No kissing, no touching
2006-06-15 09:14

Georgina Guedes
Granted, Laos isn't Iran, and women can walk in the streets in fairly revealing clothing, but for me, a South African woman, the ban on public displays of affection is more stifling here than the tropical heat.
My boyfriend Ter and I are used to being able to touch each other when we're out and about. Having been together for five years, we are no longer in the first flush of passion, and when in South Africa restrict ourselves to public handholding, brief kisses upon meeting and departing and the occasional cuddle of affection of amusement.
We started our travels in Thailand where a couple of guidebooks suggested that public displays of affection weren't really appropriate, especially in temples. However, what with transvestites and prostitutes flaunting themselves in most bars, it was hard to take this guideline too seriously.
The Victorian Lao people
On the other hand, when we arrived in Laos, posters at the border, illustrating "falang" (the Lao name for foreigners) as hairy, grubby, in various states of undress and locked in passionate clinches and requested that to avoid causing offence, travellers please refrain from any of the above.
Holding hands and kissing aside, I was embarrassed by the state of our clothes - we had crossed a border by boat after being on a bus through the night, we then went on a two-day hike and caught a public bus to our first populated stop in Laos. By the end of all of this, we were filthy.
We checked into a guesthouse after searching for hours of heavy-backpack hell for one with hot water, only to be greeted, reproachfully, by the same poster.
The guesthouse owner did look down his nose at us, but thankfully didn't turn us and our muddy boots away - the "falang" dollar is a very persuasive medium - however, the poster remained burned into my consciousness.
Given the lengths that the locals had gone to to let us know how not to offend them, I felt that it was only fair that we try to stick to the local etiquette.
I had no idea how difficult it would be.
Keeping in touch
Ter and I communicate a lot through touch. We'll apply a gentle squeeze to the shoulder or waist to show affection, he'll sling an arm across my shoulders when we're appreciating the beauty of our natural surroundings, a squeeze to the upper arm will take the sting out of gentle teasing, and if, for instance, Ter has dropped a backpack off the top of a bus onto me, jumped off the roof of the bus, tripped over the fallen backpack and then yelled at me for not having moved it, for instance, he'll give me a particular kind of apologetic cuddle to show that he's sorry.
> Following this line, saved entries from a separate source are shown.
(* Let $F$ be a recurrent set, $X\subset F$ a finite $F$-maximal bifix code and $w\in F$ a nonempty word. Let $G=\{u\in A^*\mid uw\in X\}$ and $D=\{u\in A^*\mid wu\in X\}$. If $G\ne\emptyset$, $D\neq\emptyset$ and $Gw\cap wD=\emptyset$, then the set $Y=(X\cup\{w\}\cup(GwD\cap F))\setminus(Gw\cup wD)$ is a finite $F$-maximal bifix code with the same $F$-degree as $X$.
   Context: $A$ is a finite alphabet. $F\subset A^*$ is recurrent if it is nonempty, closed under factors, and for all $u,v\in F$ there is $t\in F$ with $utv\in F$. A bifix code is a set of nonempty words none of which is a proper prefix or proper suffix of another; $X\subset F$ is $F$-maximal bifix if not properly contained in any bifix code contained in $F$. A parse of $z$ with respect to $X$ is a triple $(v,x,u)$ with $z=vxu$, $v$ having no suffix in $X$, $x\in X^*$, $u$ having no prefix in $X$; $\delta_X(z)$ is their number and the $F$-degree is $d_F(X)=\max_{z\in F}\delta_X(z)$. *)

theory Defs
  imports Main "HOL-Library.Sublist" "HOL-Library.Extended_Nat"
begin

definition factor_closed :: "'a list set \<Rightarrow> bool" where
  "factor_closed F \<longleftrightarrow> (\<forall>z\<in>F. \<forall>p u s. z = p @ u @ s \<longrightarrow> u \<in> F)"

definition recurrent :: "'a set \<Rightarrow> 'a list set \<Rightarrow> bool" where
  "recurrent A F \<longleftrightarrow> F \<noteq> {} \<and> F \<subseteq> lists A \<and> factor_closed F \<and>
     (\<forall>u\<in>F. \<forall>v\<in>F. \<exists>t\<in>F. u @ t @ v \<in> F)"

definition bifix_code :: "'a list set \<Rightarrow> bool" where
  "bifix_code X \<longleftrightarrow> [] \<notin> X \<and>
     (\<forall>x\<in>X. \<forall>y\<in>X. strict_prefix x y \<longrightarrow> False) \<and>
     (\<forall>x\<in>X. \<forall>y\<in>X. strict_suffix x y \<longrightarrow> False)"

definition F_maximal_bifix :: "'a list set \<Rightarrow> 'a list set \<Rightarrow> bool" where
  "F_maximal_bifix F X \<longleftrightarrow> bifix_code X \<and> X \<subseteq> F \<and>
     (\<forall>Y. bifix_code Y \<and> Y \<subseteq> F \<and> X \<subseteq> Y \<longrightarrow> Y = X)"

definition star :: "'a list set \<Rightarrow> 'a list set" where
  "star X = {concat xs | xs. xs \<in> lists X}"

definition parses :: "'a list set \<Rightarrow> 'a list \<Rightarrow> ('a list \<times> 'a list \<times> 'a list) set" where
  "parses X z = {(v, x, u). z = v @ x @ u \<and> (\<forall>s. suffix s v \<longrightarrow> s \<notin> X) \<and>
      x \<in> star X \<and> (\<forall>p. prefix p u \<longrightarrow> p \<notin> X)}"

definition delta :: "'a list set \<Rightarrow> 'a list \<Rightarrow> nat" where
  "delta X z = card (parses X z)"

text \<open>F-degree, taken in extended naturals (supremum; equals the maximum when attained).\<close>
definition F_degree :: "'a list set \<Rightarrow> 'a list set \<Rightarrow> enat" where
  "F_degree F X = (SUP z\<in>F. enat (delta X z))"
Strolling down the beautiful streets of Laos towns, we'll often find our hands straying towards each other's bodies, only to remember the local custom and snatch away as if burnt. What this has this effect of doing is making me feel as if I have offended Ter in some way, and he is accordingly withholding cuddles.
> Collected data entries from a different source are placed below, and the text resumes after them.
(* For every integer $n\ge 3$, the polytope $\operatorname{conv}\phi_3$ is affinely isomorphic to a face of the polytope $\operatorname{conv}\phi_n$.
   Context: For $n\ge 3$, $\phi_n$ is the set of $\binom{n}{2}\times\binom{n}{2}$ permutation matrices of the edges of the complete graph $K_n$ induced by permutations of its vertices: for a permutation $\sigma$ of $[n]$, the associated vector $\bm{z}\in\{0,1\}^{\binom{n}{2}\times\binom{n}{2}}$ has coordinates $z_{ijkl}$, $i,j,k,l\in[n]$, $i<j$, $k<l$, with $z_{ijkl}=1$ iff $\{\sigma(i),\sigma(j)\}=\{k,l\}$, and $0$ otherwise. Thus $\phi_n$ has $n!$ elements. *)

theory Defs
  imports "HOL-Analysis.Analysis" "HOL-Combinatorics.Permutations"
begin

text \<open>Vertices of K_n are the elements of a finite linearly ordered type 'n (n = CARD('n)).
  Coordinates z_{ijkl} are indexed by ((i,j),(k,l)); only those with i<j, k<l are meaningful,
  all other coordinates are identically 0.\<close>

definition edge_perm_matrix :: "('n::{finite,linorder} \<Rightarrow> 'n) \<Rightarrow> real ^ (('n \<times> 'n) \<times> ('n \<times> 'n))" where
  "edge_perm_matrix \<sigma> = (\<chi> p. (case p of ((i,j),(k,l)) \<Rightarrow>
      if i < j \<and> k < l \<and> {\<sigma> i, \<sigma> j} = {k, l} then 1 else 0))"

definition phi :: "(real ^ (('n::{finite,linorder} \<times> 'n) \<times> ('n \<times> 'n))) set" where
  "phi = edge_perm_matrix ` {\<sigma>. \<sigma> permutes (UNIV :: 'n set)}"

definition affinely_isomorphic :: "'a::real_vector set \<Rightarrow> 'b::real_vector set \<Rightarrow> bool" where
  "affinely_isomorphic P Q \<longleftrightarrow>
     (\<exists>g c. linear g \<and> bij_betw (\<lambda>x. g x + c) P Q)"

end

theory Submission
  imports Defs
begin

text \<open>Fix an order embedding \<open>h\<close> of the vertices of \<open>K\<^sub>3\<close> into those of \<open>K\<^sub>n\<close>. The linear
  functional counting the edges \<open>e\<close> with \<open>\<sigma> e - range h = e - range h\<close> is bounded by the number of
  edges, with equality exactly for the permutations fixing every vertex outside \<open>range h\<close>, i.e.\ the
  extensions of permutations of \<open>K\<^sub>3\<close>; so their matrices span a face. On the vertices of
  \<open>conv \<phi>\<^sub>3\<close> this extension agrees with an injective affine map: a vertex of \<open>K\<^sub>3\<close> is determined
  by its opposite edge, so the vertex permutation matrix is linear in the edge permutation matrix, and
  each entry of the extended edge matrix is either copied from the original one or an affine
  expression in vertex entries.\<close>

lemma edge_perm_matrix_nth:
  "edge_perm_matrix \<sigma> $ ((i,j),(k,l)) = of_bool (i < j \<and> k < l \<and> {\<sigma> i, \<sigma> j} = {k,l})"
  by (simp add: edge_perm_matrix_def)

lemma edge_perm_matrix_row_sum:
  assumes "\<sigma> permutes UNIV" and "i < j"
  shows "(\<Sum>e\<in>UNIV. edge_perm_matrix \<sigma> $ ((i,j),e)) = 1"
proof -
  have "\<sigma> i \<noteq> \<sigma> j"
    using assms permutes_inj[OF assms(1)] by (auto simp: inj_eq)
  then have "edge_perm_matrix \<sigma> $ ((i,j),e) = of_bool (e = (min (\<sigma> i) (\<sigma> j), max (\<sigma> i) (\<sigma> j)))" for e
    using assms(2) by (cases e) (auto simp: edge_perm_matrix_nth doubleton_eq_iff min_def max_def)
  then show ?thesis
    by simp
qed

lemma edge_perm_matrix_nth_eq_vertex_products:
  assumes "inj \<sigma>" and "i < j" and "k < l"
  shows "edge_perm_matrix \<sigma> $ ((i,j),(k,l)) =
    of_bool (\<sigma> i = k) * of_bool (\<sigma> j = l) + of_bool (\<sigma> i = l) * of_bool (\<sigma> j = k)"
proof -
  have "\<sigma> i \<noteq> \<sigma> j"
    using assms(1,2) by (auto simp: inj_eq)
  then show ?thesis
    using assms(2,3) by (auto simp: edge_perm_matrix_nth doubleton_eq_iff of_bool_def)
qed

lemma finite_phi: "finite phi"
  by (simp add: phi_def finite_permutations)

lemma convex_hull_phi_nth_eq_0:
  assumes "x \<in> convex hull phi" and "\<not> (i < j \<and> k < l)"
  shows "x $ ((i,j),(k,l)) = 0"
proof -
  have "phi \<subseteq> {x. x $ ((i,j),(k,l)) = 0}"
    using assms(2) by (auto simp: phi_def edge_perm_matrix_nth)
  moreover have "convex {x :: real ^ (('a \<times> 'a) \<times> ('a \<times> 'a)). x $ ((i,j),(k,l)) = 0}"
    by (simp add: convex_def)
  ultimately show ?thesis
    using assms(1) hull_minimal by blast
qed

lemma exists_strict_mono_finite:
  assumes "CARD('m::{finite,linorder}) \<le> CARD('n::{finite,linorder})"
  shows "\<exists>h :: 'm \<Rightarrow> 'n. strict_mono h"
proof
  define ys where "ys = sorted_list_of_set (UNIV :: 'n set)"
  define rank where "rank x = card {y :: 'm. y < x}" for x
  have sorted: "sorted_wrt (<) ys"
    unfolding ys_def by (rule strict_sorted_list_of_set)
  have bound: "rank x < length ys" for x
  proof -
    have "rank x < CARD('m)"
      unfolding rank_def by (rule psubset_card_mono) auto
    then show ?thesis using assms by (simp add: ys_def)
  qed
  show "strict_mono (\<lambda>x. ys ! rank x)"
  proof (rule strict_monoI)
    fix x x' :: 'm
    assume "x < x'"
    have "{y. y < x} \<subset> {y. y < x'}"
      using \<open>x < x'\<close> by (auto intro: less_trans)
    then have "rank x < rank x'"
      unfolding rank_def by (simp add: psubset_card_mono)
    then show "ys ! rank x < ys ! rank x'"
      using sorted_wrt_nth_less[OF sorted _ bound[of x']] by simp
  qed
qed

lemma face_of_convex_hull_eq_convex_hull_Int:
  fixes S :: "'a::euclidean_space set"
  assumes "compact S" and "F face_of convex hull S"
  shows "F = convex hull (S \<inter> F)"
proof -
  obtain S' where "S' \<subseteq> S" and F: "F = convex hull S'"
    using face_of_convex_hull_subset[OF assms] by metis
  moreover have "S' \<subseteq> F"
    unfolding F by (rule hull_subset)
  ultimately have "S' \<subseteq> S \<inter> F" by blast
  then have "F \<subseteq> convex hull (S \<inter> F)" unfolding F by (rule hull_mono)
  moreover have "convex hull (S \<inter> F) \<subseteq> F"
    using face_of_imp_convex[OF assms(2)] by (intro hull_minimal) auto
  ultimately show ?thesis by blast
qed

lemma convex_hull_affine_image:
  assumes "linear g"
  shows "(\<lambda>x. g x + c) ` (convex hull S) = convex hull ((\<lambda>x. g x + c) ` S)"
proof -
  have "(\<lambda>x. g x + c) ` T = (\<lambda>x. c + x) ` g ` T" for T
    by (auto simp: image_image add.commute)
  then show ?thesis
    by (simp add: convex_hull_linear_image[OF assms] convex_hull_translation)
qed

definition extend_perm :: "('m \<Rightarrow> 'n) \<Rightarrow> ('m \<Rightarrow> 'm) \<Rightarrow> 'n \<Rightarrow> 'n" where
  "extend_perm h \<tau> v = (if v \<in> range h then h (\<tau> (inv h v)) else v)"

lemma extend_perm_apply [simp]: "inj h \<Longrightarrow> extend_perm h \<tau> (h x) = h (\<tau> x)"
  by (simp add: extend_perm_def)

lemma extend_perm_outside [simp]: "v \<notin> range h \<Longrightarrow> extend_perm h \<tau> v = v"
  by (simp add: extend_perm_def)

lemma extend_perm_permutes:
  fixes h :: "'m \<Rightarrow> 'n::finite"
  assumes "inj h" and "\<tau> permutes UNIV"
  shows "extend_perm h \<tau> permutes UNIV"
proof -
  have "inj (extend_perm h \<tau>)"
  proof (rule injI)
    fix x y
    assume eq: "extend_perm h \<tau> x = extend_perm h \<tau> y"
    show "x = y"
    proof (cases "x \<in> range h"; cases "y \<in> range h")
      assume "x \<in> range h" "y \<in> range h"
      then show ?thesis
        using eq assms permutes_inj[OF assms(2)] by (auto simp: inj_eq)
    qed (use eq in \<open>auto simp: extend_perm_def\<close>)
  qed
  then show ?thesis
    by (intro inj_imp_permutes) auto
qed

lemma extend_perm_image_Diff_range: "extend_perm h \<tau> ` A - range h = A - range h"
  by (force simp: extend_perm_def)

lemma extend_perm_if_preserves_pairs_outside_range:
  fixes h :: "'m::finite \<Rightarrow> 'n"
  assumes "inj h" and "CARD('m) \<ge> 2" and "\<sigma> permutes UNIV"
    and pairs: "\<And>i j. i \<noteq> j \<Longrightarrow> {\<sigma> i, \<sigma> j} - range h = {i,j} - range h"
  obtains \<tau> where "\<tau> permutes UNIV" and "\<sigma> = extend_perm h \<tau>"
proof -
  have maps_range: "\<sigma> (h x) \<in> range h" for x
  proof -
    have "\<not> CARD('m) \<le> Suc 0"
      using assms(2) by simp
    then obtain y where "y \<noteq> x"
      using card_le_Suc0_iff_eq[OF finite_class.finite_UNIV] by (metis UNIV_I)
    then have "{\<sigma> (h x), \<sigma> (h y)} - range h = {}"
      using pairs[of "h x" "h y"] assms(1) by (auto simp: inj_eq)
    then show ?thesis by blast
  qed
  have fixes_outside: "\<sigma> v = v" if "v \<notin> range h" for v
  proof -
    obtain x :: 'm where True by blast
    have "{\<sigma> v, \<sigma> (h x)} - range h = {v}"
      using pairs[of v "h x"] that by auto
    then have "v \<in> {\<sigma> v, \<sigma> (h x)}"
      by blast
    then show ?thesis
      using maps_range[of x] that by auto
  qed
  define \<tau> where "\<tau> x = inv h (\<sigma> (h x))" for x
  have h_\<tau>: "h (\<tau> x) = \<sigma> (h x)" for x
    unfolding \<tau>_def using maps_range by (simp add: f_inv_into_f)
  have "inj \<tau>"
    by (rule injI) (metis h_\<tau> assms(1,3) injD permutes_inj)
  then have "\<tau> permutes UNIV"
    by (intro inj_imp_permutes) auto
  moreover have "\<sigma> = extend_perm h \<tau>"
    by (rule ext) (metis assms(1) extend_perm_apply extend_perm_outside fixes_outside h_\<tau> rangeE)
  ultimately show ?thesis using that by blast
qed

lemma edge_perm_matrix_extend_perm_nth_image:
  assumes "strict_mono h"
  shows "edge_perm_matrix (extend_perm h \<tau>) $ ((h i, h j),(h k, h l)) = edge_perm_matrix \<tau> $ ((i,j),(k,l))"
proof -
  have "inj h"
    using assms strict_mono_imp_inj_on by blast
  then have "{h (\<tau> i), h (\<tau> j)} = {h k, h l} \<longleftrightarrow> {\<tau> i, \<tau> j} = {k, l}"
    using inj_image_eq_iff[of h "{\<tau> i, \<tau> j}" "{k, l}"] by simp
  then show ?thesis
    using \<open>inj h\<close> assms by (simp add: edge_perm_matrix_nth strict_mono_less)
qed

definition face_normal :: "('m \<Rightarrow> 'n::{finite,linorder}) \<Rightarrow> real ^ (('n \<times> 'n) \<times> ('n \<times> 'n))" where
  "face_normal h = (\<chi> p. case p of ((i,j),(k,l)) \<Rightarrow>
      of_bool (i < j \<and> k < l \<and> {i,j} - range h = {k,l} - range h))"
With so much of our unspoken communication done away with, we're both finding ourselves feeling insecure in our understanding of the affection of the other person. The best solution we've managed to find for this is to describe, in passionate detail, the details of how we would be touching each other if we could.
So, with all the lasciviousness of phone sex, we'll reveal how we would like to be holding hands, fingers entwined. We'll eke out descriptions of the tantalising ecstasy of running our fingers over each other's shoulders. We'll throw ourselves into impassioned portrayals of the delicate peck of greeting we'd like to give each other on the corner of our mouths.
It's a substitute, but a pretty shoddy one.
Meeting in the middle
What with so much of the local economy hinging on the annual inflow of tourists, some Laos nationals have taken it upon themselves to try to understand the falang a little better.
In some places, it is understood that falang are different, and that their flagrant displays of touching are to be politely ignored, in much the same way as we are expected to ignore the rasping throat clearing and resultant spitting into the gutters of the Lao people - construction workers and delicate pregnant women alike.
In one restaurant, we were even ushered into what was obviously the falang area, a bamboo walled room with pictures of the beautiful scenery of Laos on either side of a poster of a white man and woman locked in a passionate, half-naked embrace.
Given that the girlie calendars circulated by the local beer company show Laos honeys frolicking in the ocean clothed from armpit to knee in modest silk sarongs, this attempt to be open to falang vulgarity was evidently a big step for the proprietor, and we made appropriate appreciative noises.
In a country where dancing in bars is illegal, small gestures like these from locals and foreigners alike are slowly eroding the cultural barriers. In another ten years, it's possible that holding hands while strolling on the banks of the Mekong River will hardly cause a stir.
Georgina Guedes is a South African woman travelling the world. In the searing heat of Laos, she's finding it difficult to keep her shoulders modestly covered.